Okuyanların iyi bildiği gibi, Peter Parker, ders dışında pek dikiş tutturamayan, gizlice sevdiği Mary Jane'e aşkını itiraf etmeye çekinen, kendine güvensiz bir tip. Dolayısıyla istikrarsız bakışlı Tobey Maguire, bu rol için biçilmiş kaftan. Onu stüdyoya kabul ettirmek için ısrar eden Raimi'nin hakkını burada yemeyelim. Bazılarının minimalist diye tanımlayarak bence görmezden geldiği yetersiz oyunculuğuna karşın Maguire, iyi iş çıkarmış. Masum bakışları ve aydınlık yüzü, sinema salonunu dolduran izleyicinin kafasında hazır olan Peter Parker portresi ile örtüşüyor. Dahası Maguire, Peter'ın özellikle sevimli yanını başarıyla ortaya çıkartarak filmin hemen başlarında seyircinin sevgisini kazanıyor. "James Dean" adlı TV filminde efsane oyuncuyu canlandırarak Altın Küre kazanan James Franco, Peter Parker rolünü alsa bu etkiyi yaratamazdı.(Başrol için başvuran Franco, Parker'ın yakın arkadaşı Harry Osborn rolüyle yetinmek zorunda kalmış).
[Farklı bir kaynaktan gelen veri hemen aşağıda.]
(* Let $\Sigma$ be a finite alphabet and $L\subseteq\Sigma^{++}$ a local language. Then $L$ is regional if and only if there exist $n\ge 1$ and simple regional tile sets $\theta_1,\dots,\theta_n$ over $\Sigma\cup\{\#\}$ such that $L=\bigcup_{1\le i\le n}LOC(\theta_i)$.
   Context: A picture over $\Sigma$ is a nonempty rectangular array of symbols of $\Sigma$, $\Sigma^{++}$ the set of all of them; $p(i,j)$ is the pixel in row $i$, column $j$; for $\#\notin\Sigma$, $\hat p$ is $p$ surrounded by a one-pixel frame of $\#$'s. A tile is a $2\times 2$ picture; $\llbracket q\rrbracket$ is the set of all $2\times2$ subpictures (on consecutive rows and columns) of $q$. For a finite set $\theta$ of tiles over $\Sigma\cup\{\#\}$, $LOC(\theta)=\{p\in\Sigma^{++}:\llbracket\hat p\rrbracket\subseteq\theta\}$; $L$ is local if $L=LOC(\theta)$ for some such $\theta$. A subdomain of $p$ is a rectangle $\{x,\dots,x'\}\times\{y,\dots,y'\}$ of positions; it is $C$-homogeneous (label $C$) if all its pixels equal $C$. A homogeneous partition of $p$ is a partition of its set of positions into homogeneous subdomains; it is regional if distinct subdomains have distinct labels; $p$ is regional if it admits a regional homogeneous partition; a language is regional if all its pictures are regional. Adjacency relations: for a tile $t$ define $\mathcal H_t,\mathcal V_t\subseteq(\Sigma\cup\{\#\})^2$ by: for $i=1,2$, $t(i,1)\,\mathcal H_t\,t(i,2)$ iff $t(i,1)\ne t(i,2)$; for $j=1,2$, $t(1,j)\,\mathcal V_t\,t(2,j)$ iff $t(1,j)\neq t(2,j)$. Let $\mathcal A_t=\mathcal H_t\cup\mathcal V_t$, $\mathcal A'_t=\mathcal H_t^{-1}\cup\mathcal V_t$, and for a tile set $\theta$ let $\mathcal A_\theta=\bigcup_{t\in\theta}\mathcal A_t$, $\mathcal A'_\theta=\bigcup_{t\in\theta}\mathcal A'_t$. A tile set $\theta$ is simple regional if both directed graphs on vertex set $\Sigma$ with edge relations $\mathcal A_\theta\cap\Sigma^2$ and $\mathcal A'_\theta\cap\Sigma^2$ are acyclic. *)

theory Defs
  imports Main
begin

text \<open>Pictures are represented as nonempty rectangular lists of rows (0-indexed);
  p(i,j) is p ! i ! j. The border symbol # is None, a symbol a of Sigma is Some a.\<close>

type_synonym 'a picture = "'a list list"

definition nrows :: "'a picture \<Rightarrow> nat" where "nrows p = length p"
definition ncols :: "'a picture \<Rightarrow> nat" where "ncols p = length (hd p)"

definition pix :: "'a picture \<Rightarrow> nat \<Rightarrow> nat \<Rightarrow> 'a" where "pix p i j = p ! i ! j"

definition is_picture :: "'a picture \<Rightarrow> bool" where
  "is_picture p \<longleftrightarrow> p \<noteq> [] \<and> hd p \<noteq> [] \<and> (\<forall>r\<in>set p. length r = length (hd p))"

definition pictures :: "'a set \<Rightarrow> 'a picture set" where
  "pictures \<Sigma> = {p. is_picture p \<and> (\<forall>r\<in>set p. set r \<subseteq> \<Sigma>)}"

definition frame :: "'a picture \<Rightarrow> 'a option picture" where
  "frame p = [replicate (ncols p + 2) None] @
             map (\<lambda>r. [None] @ map Some r @ [None]) p @
             [replicate (ncols p + 2) None]"

definition subtiles :: "'b picture \<Rightarrow> 'b picture set" where
  "subtiles q = {[[pix q i j, pix q i (j+1)], [pix q (i+1) j, pix q (i+1) (j+1)]] | i j.
                  i + 1 < nrows q \<and> j + 1 < ncols q}"

definition is_tile_over :: "'a set \<Rightarrow> 'a option picture \<Rightarrow> bool" where
  "is_tile_over \<Sigma> t \<longleftrightarrow> length t = 2 \<and> (\<forall>r\<in>set t. length r = 2 \<and> set r \<subseteq> insert None (Some ` \<Sigma>))"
Ancak Mary Jane rolü için Kirsten Dunst'ın doğru tercih olduğundan şüpheliyim. 20 yaşındaki oyuncu, kendi yaşındaki birini oynayabilmek için fazla olgun hatlara sahip. Böyle olunca Dunst, 28 yaşındaki Maguire'ın yanında ablası gibi duruyor. İkisi arasında, çizgi romandaki kimyadan eser yok.
Ö.A. maceralarının belki de en zayıf yönü, karizmadan uzak Yeşil Cin, Doktor Ahtapot gibi kötü adamlarıdır. "Yapay zeka"sı çok kötü olan bu karakterler, genelde hep aynı şekilde hareket ederler: Ö.A'dan sıkı bir dayak yiyip "yine görüşeceğiz" diyerek kaçarlar. Tabii o kötü kahkahayı atmayı da ihmal etmezler. Yeşil Cin rolünde Hollywood'un kadrolu kötü adamı Willem Dafoe var. Dafoe, yıllardır hep kötü adamı oynamasına karşın bir kez daha inandırıcı. Özellikle, ayna kullanılarak çekilen sahnede, kişiliğinin çift yanını ortaya çıkarmadaki perfonmansı dikkatten kaçmamalı. Kaldı ki Raimi, bu tip sahneleri iyi çeken bir yönetmen. Ani kesmelerle seyirciyi koltuğundan zıplatma ustası olan Raimi, Yeşil Cin'in May Hala'yı ziyaret ettiği o ilginç sahnede ise, gerilimin dozunu böyle bir film için biraz kaçırmış gibi sanki.
"Bir aksiyonu iyi yapan kötü adamıdır" deyişi her ne kadar doğru olsa da; arada Ö.A. maceraları gibi istisnalar da çıkabiliyor. Spidey'in bu kadar tutmasının asıl nedeni kötü adamlarla yaptığı dövüşlerden çok, iki kimlikli olmanın yarattığı kah trajedik, kah trajikomik durumlar. Spidey, birçok maceranın gecesinde yastığa başını koyarken yaptıklarını sorgulayan, baloncuklarla yaratılan iç sesiyle psikolojisine tanık olduğumuz, bizim gibi "normal" bir insan aslında.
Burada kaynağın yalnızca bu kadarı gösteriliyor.